It is not the best idea to use /bin/sh as interactive shell,
because it is a scripting shell, so use it for scripts.
You're missing a lot of nice features while using sh,
For example, to manipulate files in zsh, bash and tcsh
it is possible to use: `% cp /usr/local/dir/{file1,file2}`,
this command will copy _file1_ to _file2_, or to rename file,
use `% mv /usr/local/dir/file1{,.bak}` this command
will rename _file1_ to _file1.bak_. You're missing a lot of other features
also.

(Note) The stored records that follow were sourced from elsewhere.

lemma sum_sq_isum_Plus_le_jnorm:
  assumes "in_J x" "finite S" "finite T" "\<forall>s\<in>S. interval (A s)" "\<forall>t\<in>T. interval (B t)"
    and "disjoint_family_on A S" "disjoint_family_on B T" "\<forall>s\<in>S. \<forall>t\<in>T. A s \<inter> B t = {}"
  shows "(\<Sum>s\<in>S. (isum x (A s))\<^sup>2) + (\<Sum>t\<in>T. (isum x (B t))\<^sup>2) \<le> (jnorm x)\<^sup>2"
proof -
  have "disjoint_family_on (case_sum A B) (S <+> T)"
    unfolding disjoint_family_on_def
  proof (intro ballI impI)
    fix r r' assume rr': "r \<in> S <+> T" "r' \<in> S <+> T" "r \<noteq> r'"
    show "case_sum A B r \<inter> case_sum A B r' = {}"
    proof (cases r; cases r')
      fix s s' assume "r = Inl s" "r' = Inl s'"
      with rr' assms(6) show ?thesis by (auto dest: disjoint_family_onD)
    next
      fix s t assume "r = Inl s" "r' = Inr t"
      with rr' assms(8) show ?thesis by auto
    next
      fix t s assume "r = Inr t" "r' = Inl s"
      with rr' assms(8) show ?thesis by (auto simp: Int_commute)
    next
      fix t t' assume "r = Inr t" "r' = Inr t'"
      with rr' assms(7) show ?thesis by (auto dest: disjoint_family_onD)
    qed
  qed
  moreover have "\<forall>r\<in>S <+> T. interval (case_sum A B r)"
    using assms(4,5) by auto
  ultimately have "(\<Sum>r\<in>S <+> T. (isum x (case_sum A B r))\<^sup>2) \<le> (jnorm x)\<^sup>2"
    using sum_sq_isum_le_jnorm[OF assms(1) finite_Plus[OF assms(2,3)]] by blast
  then show ?thesis
    unfolding sum.Plus[OF assms(2,3)] comp_def by simp
qed

lemma disjoint_blocks_if_not_Cauchy:
  fixes k :: nat
  assumes "0 < e" "\<forall>N. \<exists>m\<ge>N. \<exists>n. e \<le> \<bar>sum x {m..<n}\<bar>"
  shows "\<exists>K M. (\<forall>i<k. interval (K i) \<and> K i \<subseteq> {..<M} \<and> e \<le> \<bar>isum x (K i)\<bar>)
    \<and> disjoint_family_on K {..<k}"
proof (induction k)
  case 0
  show ?case by (auto simp: disjoint_family_on_def)
next
  case (Suc k)
  then obtain K M where K: "\<forall>i<k. interval (K i) \<and> K i \<subseteq> {..<M} \<and> e \<le> \<bar>isum x (K i)\<bar>"
    and dK: "disjoint_family_on K {..<k}" by blast
  obtain m n where mn: "max M 1 \<le> m" "e \<le> \<bar>sum x {m..<n}\<bar>"
    using assms(2) by blast
  then have "m < n" using assms(1) by (cases "m < n") auto
  let ?K = "K(k := {m..<n})"
  have "interval (?K i) \<and> ?K i \<subseteq> {..<max M n} \<and> e \<le> \<bar>isum x (?K i)\<bar>" if "i < Suc k" for i
  proof (cases "i = k")
    case True
    then show ?thesis using mn \<open>m < n\<close> by (auto simp: interval_atLeastLessThan isum_def)
  next
    case False
    with that K have "interval (K i)" "K i \<subseteq> {..<M}" "e \<le> \<bar>isum x (K i)\<bar>" by auto
    with False show ?thesis by auto
  qed
  moreover have "disjoint_family_on ?K {..<Suc k}"
    unfolding disjoint_family_on_def
  proof (intro ballI impI)
    have far: "K l \<inter> {m..<n} = {}" if "l < k" for l
    proof -
      have "K l \<subseteq> {..<M}" using K that by blast
      with mn(1) show ?thesis by auto
    qed
    fix i j assume "i \<in> {..<Suc k}" "j \<in> {..<Suc k}" "i \<noteq> j"
    then consider "i < k" "j < k" | "i = k" "j < k" | "i < k" "j = k" by fastforce
    then show "?K i \<inter> ?K j = {}"
    proof cases
      case 1 with dK \<open>i \<noteq> j\<close> show ?thesis by (simp add: disjoint_family_onD)
    next
      case 2 with far[of j] show ?thesis by (simp add: Int_commute)
    next
      case 3 with far[of i] show ?thesis by simp
    qed
  qed
  ultimately show ?case by blast
qed

lemma summable_if_in_J:
  assumes "in_J x"
  shows "summable x"
proof (rule ccontr)
  assume "\<not> summable x"
  then obtain e where e: "0 < e" "\<forall>N. \<exists>m\<ge>N. \<exists>n. e \<le> \<bar>sum x {m..<n}\<bar>"
    unfolding summable_Cauchy by (auto simp: not_less)
  obtain k :: nat where k: "(jnorm x)\<^sup>2 / e\<^sup>2 < k"
    using reals_Archimedean2 by blast
  obtain K where K: "\<forall>i<k. interval (K i) \<and> e \<le> \<bar>isum x (K i)\<bar>" "disjoint_family_on K {..<k}"
    using disjoint_blocks_if_not_Cauchy[OF e] by blast
  have "k * e\<^sup>2 = (\<Sum>i<k. e\<^sup>2)" by simp
  also have "\<dots> \<le> (\<Sum>i<k. (isum x (K i))\<^sup>2)"
    using K(1) e(1) by (intro sum_mono) (simp add: abs_le_square_iff[symmetric])
  also have "\<dots> \<le> (jnorm x)\<^sup>2"
    using sum_sq_isum_le_jnorm[OF assms _ _ K(2)] K(1) by simp
  finally show False using k e(1) by (simp add: divide_less_eq)
qed

lemma summable_restrict:
  assumes "in_J x" "interval K"
  shows "summable (\<lambda>k. if k \<in> K then x k else 0)"
proof (cases "finite K")
  case True
  then show ?thesis by (intro summable_finite[of K]) auto
next
  case False
  obtain a where "a \<in> K" using False by fastforce
  then have "(\<lambda>k. if k \<in> K then x k else 0) = (\<lambda>k. x k - (if k < a \<and> k \<notin> K then x k else 0))"
    using interval_infinite_upward[OF assms(2) False] by (force simp: fun_eq_iff not_less)
  moreover have "summable (\<lambda>k. if k < a \<and> k \<notin> K then x k else 0)"
    by (intro summable_finite[of "{..<a}"]) auto
  ultimately show ?thesis
    using summable_diff[OF summable_if_in_J[OF assms(1)]] by simp
qed

lemma isum_Un:
  assumes "in_J x" "interval U" "interval V" "U \<inter> V = {}"
  shows "isum x (U \<union> V) = isum x U + isum x V"
proof -
  have "(\<lambda>k. if k \<in> U \<union> V then x k else 0) = (\<lambda>k. (if k \<in> U then x k else 0) + (if k \<in> V then x k else 0))"
    using assms(4) by (auto simp: fun_eq_iff)
  then show ?thesis
    using suminf_add[OF summable_restrict[OF assms(1,2)] summable_restrict[OF assms(1,3)]]
    by (simp add: isum_eq_suminf)
qed

lemma interval_family_index: "interval_family F I \<Longrightarrow> (\<exists>k. F = {1..k}) \<or> F = {1..}"
  unfolding interval_family_def by blast

lemma interval_family_interval: "interval_family F I \<Longrightarrow> i \<in> F \<Longrightarrow> interval (I i)"
  unfolding interval_family_def by blast

lemma interval_family_index_between:
  assumes "interval_family F I" "i \<in> F" "k \<in> F" "i \<le> j" "j \<le> k"
  shows "j \<in> F"
  using interval_family_index[OF assms(1)] assms(2-5) by auto

lemma interval_family_Suc:
  assumes "interval_family F I" "i \<in> F" "enat i < supE F"
  shows "Suc i \<in> F"
proof (cases "finite F")
  case True
  then have "i < Max F" using assms(3) by (simp add: supE_def)
  then show ?thesis
    using interval_family_index_between[OF assms(1,2) Max_in[OF True], of "Suc i"] assms(2) by auto
next
  case False
  then show ?thesis using interval_family_index[OF assms(1)] by auto
qed

lemma interval_family_less:
  assumes fam: "interval_family F I" and "i \<in> F" "j \<in> F" "i < j" "a \<in> I i" "b \<in> I j"
  shows "a < b"
  using assms(3-6)
proof (induction j arbitrary: b)
  case 0
  then show ?case by simp
next
  case (Suc j)
  show ?case
  proof (cases "i = j")
    case True
    with fam \<open>i \<in> F\<close> Suc.prems show ?thesis unfolding interval_family_def by blast
  next
    case False
    then have "i < j" using Suc.prems by simp
    then have "j \<in> F" using interval_family_index_between[OF fam \<open>i \<in> F\<close> Suc.prems(1)] by simp
    obtain c where "c \<in> I j" using interval_nonempty[OF interval_family_interval[OF fam \<open>j \<in> F\<close>]] by blast
    have "a < c" using Suc.IH[OF \<open>j \<in> F\<close> \<open>i < j\<close> \<open>a \<in> I i\<close> \<open>c \<in> I j\<close>] .
    also have "c < b" using fam \<open>j \<in> F\<close> Suc.prems \<open>c \<in> I j\<close> unfolding interval_family_def by blast
    finally show ?thesis .
  qed
qed

lemma interval_family_disjoint:
  assumes "interval_family F I"
  shows "disjoint_family_on I F"
  unfolding disjoint_family_on_def
proof (intro ballI impI)
  fix i j assume "i \<in> F" "j \<in> F" "i \<noteq> j"
  then consider "i < j" | "j < i" by linarith
  then show "I i \<inter> I j = {}"
  proof cases
    case 1
    then show ?thesis
      using interval_family_less[OF assms \<open>i \<in> F\<close> \<open>j \<in> F\<close>] by (intro disjoint_if_less)
  next
    case 2
    then have "I j \<inter> I i = {}"
      using interval_family_less[OF assms \<open>j \<in> F\<close> \<open>i \<in> F\<close>] by (intro disjoint_if_less)
    then show ?thesis by blast
  qed
qed

definition partial_norm :: "(nat \<Rightarrow> real) \<Rightarrow> nat set \<Rightarrow> (nat \<Rightarrow> nat set) \<Rightarrow> nat \<Rightarrow> real" where
  "partial_norm x F I m = (\<Sum>i\<in>F \<inter> {..m}. (isum x (I i))\<^sup>2)"

lemma partial_norm_le_jnorm:
  assumes "in_J x" "interval_family F I"
  shows "partial_norm x F I m \<le> (jnorm x)\<^sup>2"
  unfolding partial_norm_def
proof (rule sum_sq_isum_le_jnorm[OF assms(1)])
  show "\<forall>i\<in>F \<inter> {..m}. interval (I i)" using interval_family_interval[OF assms(2)] by blast
  show "disjoint_family_on I (F \<inter> {..m})"
    by (rule disjoint_family_on_mono[OF _ interval_family_disjoint[OF assms(2)]]) blast
qed simp

lemma partial_norm_eq_sum:
  "partial_norm x F I m = (\<Sum>i\<le>m. if i \<in> F then (isum x (I i))\<^sup>2 else 0)"
  unfolding partial_norm_def Int_commute[of F] by (rule sum.inter_restrict) simp

lemma fam_norm_eq_sqrt_suminf:
  "fam_norm x F I = sqrt (\<Sum>i. if i \<in> F then (isum x (I i))\<^sup>2 else 0)"
proof (cases "finite F")
  case True
  then have "(\<Sum>i. if i \<in> F then (isum x (I i))\<^sup>2 else 0) = (\<Sum>i\<in>F. (isum x (I i))\<^sup>2)"
    by (subst suminf_finite[of F]) auto
  with True show ?thesis by (simp add: fam_norm_def)
next
  case False
  have "(\<lambda>i. if i \<in> F then \<bar>isum x (I i)\<bar>^2 else 0) = (\<lambda>i. if i \<in> F then (isum x (I i))\<^sup>2 else 0)"
    by (simp only: power2_abs)
  with False show ?thesis by (simp add: fam_norm_def)
qed

lemma summable_sq_isum:
  assumes "in_J x" "interval_family F I"
  shows "summable (\<lambda>i. if i \<in> F then (isum x (I i))\<^sup>2 else 0)"
  by (rule bounded_imp_summable[where B = "(jnorm x)\<^sup>2"])
    (simp_all add: partial_norm_eq_sum[symmetric] partial_norm_le_jnorm[OF assms])

lemma fam_norm_sq:
  assumes "in_J x" "interval_family F I"
  shows "(fam_norm x F I)\<^sup>2 = (\<Sum>i. if i \<in> F then (isum x (I i))\<^sup>2 else 0)"
  using suminf_nonneg[OF summable_sq_isum[OF assms]] by (simp add: fam_norm_eq_sqrt_suminf)

lemma partial_norm_tendsto:
  assumes "in_J x" "interval_family F I"
  shows "partial_norm x F I \<longlonglongrightarrow> (fam_norm x F I)\<^sup>2"
  using summable_LIMSEQ'[OF summable_sq_isum[OF assms]]
  by (simp add: fam_norm_sq[OF assms] partial_norm_eq_sum[abs_def])

lemma partial_norm_le_fam_norm:
  assumes "in_J x" "interval_family F I"
  shows "partial_norm x F I m \<le> (fam_norm x F I)\<^sup>2"
  unfolding partial_norm_eq_sum fam_norm_sq[OF assms]
  by (rule sum_le_suminf[OF summable_sq_isum[OF assms]]) auto

lemma norming_familyD:
  "norming_family x F I \<Longrightarrow> interval_family F I"
  "norming_family x F I \<Longrightarrow> fam_norm x F I = jnorm x"
  unfolding norming_family_def by auto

I suggest you to try shells/zsh, it is very customizable and usable.
You can try to use it with my config -
https://forums.freebsd.org/threads/share-your-zshrc-file.62653/


----------



## Lamia (Sep 25, 2018)

ILUXA said:


> It is not the best idea to use /bin/sh as interactive shell,
> because it is a scripting shell, so use it for scripts.
> You're missing a lot of nice features while using sh,
> For example, to manipulate files in zsh, bash and tcsh
> ...


Thanks ILUXA, I like those shortcuts.  I will soon give zsh with your config a shot.


----------



## kpedersen (Sep 25, 2018)

I don't believe anything in my shell code snippet above needed changing for /bin/sh because that is what I always target for my scripts.
Remember, things like '[' and ']' are actually separate programs that sh runs.


----------



## Deleted member 48958 (Sep 25, 2018)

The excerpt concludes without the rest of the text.